Madara said nothing. He was smoking. Seated on a stool, hunched forward, Madara’s gaze was unfocused as he stared forward into a pale pink finger of a cloud. Hashirama said nothing else, because nothing needed to be said, and he didn’t want to disturb him anyway. Smoking was a peaceful ritual of his, the one moment that Madara’s attention was diffused instead of spearing forward.

He watched him instead. The pipe that Madara had was unadorned, a plain thing of seamless wood that Hashirama had given to him as a gift after they made peace, along with a heavy pouch of Tea Country tobacco (Madara’s gift had been one of his own birds: a lovely young falcon he’d trained personally. Hashirama still swore there was genuine intelligence in her eyes.)

Hashirama could have grown the pipe in its shape easily, but he’d gone to the extra trouble of carving it by hand, smoothing down the ash wood until it glowed. There was even a little Uchiha fan on the bottom of the pipe, something that Hashirama knew Madara liked to rub his index finger over when he was in deep thought.

Like everything else that Madara owned, the pipe was in pristine condition. It’d been worn shiny by his constant fingers and there were little teeth marks near the tail, but the inside was always lovingly scraped clean and when it was not in use, the pipe rode around on his person inside a little pocket hooked to his belt. Hashirama couldn’t remember a single moment when Madara went without it, it was so ingrained into his habits.

He watched Madara cradle the pipe and wrap his lips around the end, inhaling.

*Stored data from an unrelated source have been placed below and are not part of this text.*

lemma fundamental_solution_step_error:
  assumes ab: "0 \<le> a" "a \<le> b" "b \<le> t"
  shows "norm (\<Psi> b - (mat 1 + integral {a..b} M) ** \<Psi> a) \<le> L * L * C * (b - a)^2"
proof -
  have "M integrable_on {a..b}" using M_integrable ab by auto
  hence "((\<lambda>u. M u ** \<Psi> a) has_integral (integral {a..b} M ** \<Psi> a)) {a..b}"
    using has_integral_linear[OF integrable_integral bounded_linear_matrix_mult_right] by (simp add: o_def)
  with fundamental_solution_has_integral[OF ab]
  have "((\<lambda>u. M u ** \<Psi> u - M u ** \<Psi> a) has_integral ((\<Psi> b - \<Psi> a) - integral {a..b} M ** \<Psi> a)) {a..b}"
    by (rule has_integral_diff)
  moreover have "(\<Psi> b - \<Psi> a) - integral {a..b} M ** \<Psi> a = \<Psi> b - (mat 1 + integral {a..b} M) ** \<Psi> a"
    by (simp add: matrix_add_rdistrib)
  ultimately have "((\<lambda>u. M u ** (\<Psi> u - \<Psi> a)) has_integral (\<Psi> b - (mat 1 + integral {a..b} M) ** \<Psi> a)) (cbox a b)"
    by (simp add: matrix_diff_ldistrib cbox_interval)
  hence "norm (\<Psi> b - (mat 1 + integral {a..b} M) ** \<Psi> a) \<le> (L * (L * C * (b - a))) * measure lborel (cbox a b)"
  proof (rule has_integral_bound[rotated])
    show "0 \<le> L * (L * C * (b - a))" using L_nonneg fundamental_solution_bound_nonneg ab by simp
    fix u assume "u \<in> cbox a b"
    hence u: "u \<in> {0..t}" "a \<le> u" "u \<le> b" using ab by (auto simp: cbox_interval)
    have "norm (\<Psi> u - \<Psi> a) \<le> L * C * (u - a)"
      by (rule fundamental_solution_lipschitz) (use u ab in auto)
    also have "\<dots> \<le> L * C * (b - a)"
      using u L_nonneg fundamental_solution_bound_nonneg by (intro mult_left_mono) auto
    finally have "norm (\<Psi> u - \<Psi> a) \<le> L * C * (b - a)" .
    thus "norm (M u ** (\<Psi> u - \<Psi> a)) \<le> L * (L * C * (b - a))"
      using norm_M_mult[OF u(1)] L_nonneg by (meson mult_left_mono order.trans)
  qed
  thus ?thesis using ab by (simp add: power2_eq_square mult_ac)
qed

lemma euler_step_error:
  assumes ab: "0 \<le> a" "a \<le> b" "b \<le> t"
  shows "norm (\<Psi> b - (mat 1 + integral {a..b} M) ** X) \<le> L * L * C * (b - a)^2 + (1 + L * (b - a)) * norm (\<Psi> a - X)"
proof -
  define e where "e = \<Psi> a - X"
  have split: "\<Psi> b - (mat 1 + integral {a..b} M) ** X = (\<Psi> b - (mat 1 + integral {a..b} M) ** \<Psi> a) + (e + integral {a..b} M ** e)"
    by (simp add: e_def matrix_diff_ldistrib matrix_add_rdistrib)
  have "norm (integral {a..b} M ** e) \<le> K * norm (integral {a..b} M) * norm e" by (rule norm_matrix_mult)
  also have "\<dots> \<le> K * (B * (b - a)) * norm e"
    using norm_integral_M[OF ab] K_pos by (intro mult_right_mono mult_left_mono) auto
  finally have "norm (integral {a..b} M ** e) \<le> L * (b - a) * norm e" by (simp add: L_def mult_ac)
  thus ?thesis
    unfolding split e_def[symmetric] using fundamental_solution_step_error[OF ab]
      norm_triangle_ineq[of e "integral {a..b} M ** e"]
      norm_triangle_ineq[of "\<Psi> b - (mat 1 + integral {a..b} M) ** \<Psi> a" "e + integral {a..b} M ** e"]
    by (simp add: algebra_simps)
qed
end

end

definition euler_step :: "nat \<Rightarrow> nat \<Rightarrow> real^'n^'n" where
  "euler_step k j = mat 1 + integral {real j * (t / real k)..real (Suc j) * (t / real k)} M"

lemma euler_error:
  assumes fs: "is_fundamental_solution t M \<Psi>" and C: "\<And>r. r \<in> {0..t} \<Longrightarrow> norm (\<Psi> r) \<le> C"
    and k: "0 < k" and j: "j \<le> k"
  shows "norm (\<Psi> (real j * (t / real k)) - mat_prod (euler_step k) j)
           \<le> real j * (L * L * C * (t / real k)^2) * (1 + L * (t / real k))^j"
  using j
proof (induction j)
  case 0 thus ?case using fundamental_solution_0[OF fs] by simp
next
  case (Suc j)
  define h where "h = t / real k"
  define c where "c = L * L * C * h^2"
  define \<rho> where "\<rho> = 1 + L * h"
  have h0: "0 \<le> h" using t_nonneg by (simp add: h_def)
  have "real (Suc j) * h \<le> real k * h" using Suc.prems h0 by (simp add: mult_right_mono)
  also have "\<dots> = t" using k by (simp add: h_def)
  finally have ab: "0 \<le> real j * h" "real j * h \<le> real (Suc j) * h" "real (Suc j) * h \<le> t"
    using h0 by (auto intro: mult_right_mono)
  have c0: "0 \<le> c" using fundamental_solution_bound_nonneg[OF fs C] by (simp add: c_def)
  have \<rho>1: "1 \<le> \<rho>" using L_nonneg h0 by (simp add: \<rho>_def)
  have step_length: "real (Suc j) * h - real j * h = h" by (simp add: algebra_simps)
  have step: "mat_prod (euler_step k) (Suc j)
      = (mat 1 + integral {real j * h..real (Suc j) * h} M) ** mat_prod (euler_step k) j"
    by (simp add: euler_step_def h_def)
  have "norm (\<Psi> (real (Suc j) * h) - mat_prod (euler_step k) (Suc j))
      \<le> c + \<rho> * norm (\<Psi> (real j * h) - mat_prod (euler_step k) j)"
    using euler_step_error[OF fs C ab, of "mat_prod (euler_step k) j"] step_length
    unfolding step c_def \<rho>_def by simp
  also have "\<dots> \<le> c * \<rho>^Suc j + \<rho> * (real j * c * \<rho>^j)"
    using Suc \<rho>1 c0 one_le_power[OF \<rho>1, of "Suc j"] mult_left_mono[of 1 "\<rho>^Suc j" c]
    by (intro add_mono mult_left_mono) (auto simp: c_def \<rho>_def h_def)
  also have "\<dots> = real (Suc j) * c * \<rho>^Suc j" by (simp add: algebra_simps)
  finally show ?case by (simp add: c_def \<rho>_def h_def)
qed

lemma euler_product_error:
  assumes fs: "is_fundamental_solution t M \<Psi>" and C: "\<And>r. r \<in> {0..t} \<Longrightarrow> norm (\<Psi> r) \<le> C"
    and k: "0 < k"
  shows "norm (\<Psi> t - mat_prod (euler_step k) k) \<le> L * L * C * t^2 * exp (L * t) / real k"
proof -
  have "(1 + L * (t / real k))^k \<le> exp (L * (t / real k))^k"
    using L_nonneg t_nonneg by (intro power_mono) auto
  also have "\<dots> = exp (L * t)" using k by (simp add: exp_of_nat_mult[symmetric])
  finally have growth: "(1 + L * (t / real k))^k \<le> exp (L * t)" .
  have "norm (\<Psi> t - mat_prod (euler_step k) k) \<le> real k * (L * L * C * (t / real k)^2) * (1 + L * (t / real k))^k"
    using euler_error[OF fs C k order_refl] k by simp
  also have "\<dots> = (L * L * C * t^2 / real k) * (1 + L * (t / real k))^k"
    using k by (simp add: power2_eq_square)
  also have "\<dots> \<le> (L * L * C * t^2 / real k) * exp (L * t)"
    using growth L_nonneg fundamental_solution_bound_nonneg[OF fs C] by (intro mult_left_mono) auto
  finally show ?thesis by simp
qed

lemma euler_product_tendsto_fundamental_solution:
  assumes fs: "is_fundamental_solution t M \<Psi>"
  shows "(\<lambda>k. mat_prod (euler_step k) k) \<longlonglongrightarrow> \<Psi> t"
proof -
  obtain C where C: "\<And>r. r \<in> {0..t} \<Longrightarrow> norm (\<Psi> r) \<le> C"
    using fundamental_solution_bounded[OF fs] by blast
  have "(\<lambda>k. mat_prod (euler_step k) k - \<Psi> t) \<longlonglongrightarrow> 0"
  proof (rule Lim_null_comparison)
    show "\<forall>\<^sub>F k in sequentially. norm (mat_prod (euler_step k) k - \<Psi> t) \<le> L * L * C * t^2 * exp (L * t) / real k"
      by (rule eventually_mono[OF eventually_gt_at_top[of 0]])
        (subst norm_minus_commute, rule euler_product_error[OF fs C])
  qed (rule lim_const_over_n)
  thus ?thesis by (simp add: LIM_zero_iff)
qed

lemma resolvent_eq_fundamental_matrix: "resolvent t M = fundamental_matrix t"
  unfolding resolvent_def
proof (rule the_equality)
  show "\<exists>\<Psi>. is_fundamental_solution t M \<Psi> \<and> \<Psi> t = fundamental_matrix t"
    using fundamental_matrix_is_fundamental_solution by blast
  fix A assume "\<exists>\<Psi>. is_fundamental_solution t M \<Psi> \<and> \<Psi> t = A"
  then obtain \<Psi> where "is_fundamental_solution t M \<Psi>" "\<Psi> t = A" by blast
  hence "(\<lambda>k. mat_prod (euler_step k) k) \<longlonglongrightarrow> A"
    using euler_product_tendsto_fundamental_solution by blast
  moreover have "(\<lambda>k. mat_prod (euler_step k) k) \<longlonglongrightarrow> fundamental_matrix t"
    by (rule euler_product_tendsto_fundamental_solution[OF fundamental_matrix_is_fundamental_solution])
  ultimately show "A = fundamental_matrix t" by (rule LIMSEQ_unique)
qed

lemma euler_product_tendsto_resolvent: "(\<lambda>k. mat_prod (euler_step k) k) \<longlonglongrightarrow> resolvent t M"
  unfolding resolvent_eq_fundamental_matrix
  by (rule euler_product_tendsto_fundamental_solution[OF fundamental_matrix_is_fundamental_solution])

end

section \<open>Contraction of the resolvent\<close>

text \<open>Every block of the Euler product has entries in [\<gamma>, \<Gamma>] with
  \<gamma> = exp (-4 B) min (1, \<delta> / n^2)^(n - 1) and \<Gamma> = exp (2 n B); Birkhoff-type contraction
  then shrinks the Hilbert metric per block by the factor 1 minus this coefficient.\<close>
definition contraction_coefficient :: "nat \<Rightarrow> real \<Rightarrow> real \<Rightarrow> real" where
  "contraction_coefficient n B \<delta> =
     min (1/2) ((exp (-4 * B) * (min 1 (\<delta> / real n^2))^(n - 1) / exp (2 * real n * B))^6)"

lemma contraction_coefficient_pos:
  assumes "0 < \<delta>" "0 < n"
  shows "0 < contraction_coefficient n B \<delta>"
proof -
  have "0 < min 1 (\<delta> / real n^2)" using assms by simp
  hence "0 < exp (-4 * B) * (min 1 (\<delta> / real n^2))^(n - 1) / exp (2 * real n * B)" by simp
  hence "0 < (exp (-4 * B) * (min 1 (\<delta> / real n^2))^(n - 1) / exp (2 * real n * B))^6"
    by (rule zero_less_power)
  thus ?thesis unfolding contraction_coefficient_def by (simp only: min_less_iff_conj) simp
qed

lemma contraction_coefficient_le_half: "contraction_coefficient n B \<delta> \<le> 1/2"
  by (simp add: contraction_coefficient_def)

lemma nat_floor_bounds:
  fixes t :: real
  assumes "1 \<le> t"
  shows "0 < nat \<lfloor>t\<rfloor>" "real (nat \<lfloor>t\<rfloor>) \<le> t" "t \<le> 2 * real (nat \<lfloor>t\<rfloor>)"
proof -
  have floor: "1 \<le> \<lfloor>t\<rfloor>" "of_int \<lfloor>t\<rfloor> \<le> t" "t < of_int \<lfloor>t\<rfloor> + 1"
    using assms by (simp add: le_floor_iff, linarith+)
  hence "real (nat \<lfloor>t\<rfloor>) = of_int \<lfloor>t\<rfloor>" by simp
  with floor show "0 < nat \<lfloor>t\<rfloor>" "real (nat \<lfloor>t\<rfloor>) \<le> t" "t \<le> 2 * real (nat \<lfloor>t\<rfloor>)" by linarith+
qed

It lingered near his mouth even when he was done, the tip absently pressing a small dimple into the corner of his lips.

Sometimes, when Hashirama was feeling particularly crazy about this, he really, really wished he was that pipe. To be touched constantly in that soft, idle way but to still have teeth marks where it mattered, then to be cradled everywhere Madara went. Or, perhaps even more than that, to be an intrinsic part of Madara’s quiet, unthinking rituals of pacifying his wildfire heart.

He didn’t realize how much time passed until Madara was suddenly looking at him. The spread out everywhere-and-nowhere quality of his gaze was gone, replaced by the needlepoint stare of a hunting bird. Tobirama had once muttered that it was unnerving, the way Madara could focus himself down to one thing. Hashirama still didn’t understand why. Or, well, he  _got_  why in the dusty, rational way one understood black and white facts that some people didn’t like to be pinned in place like that – but he didn’t  _understand_  it. Madara’s whole attention was thrilling to have, a quality in that absoluteness that licked past the skin and dove into the soul. Like he was saying  _yes, I see you, all of you._

“Did you need something?” Madara asked.

Hashirama privately mourned the death of the moment, but this was fine. Being the center of Madara’s complete attention was its own kind of pleasure. “Can’t I enjoy the sunrise with my friend?”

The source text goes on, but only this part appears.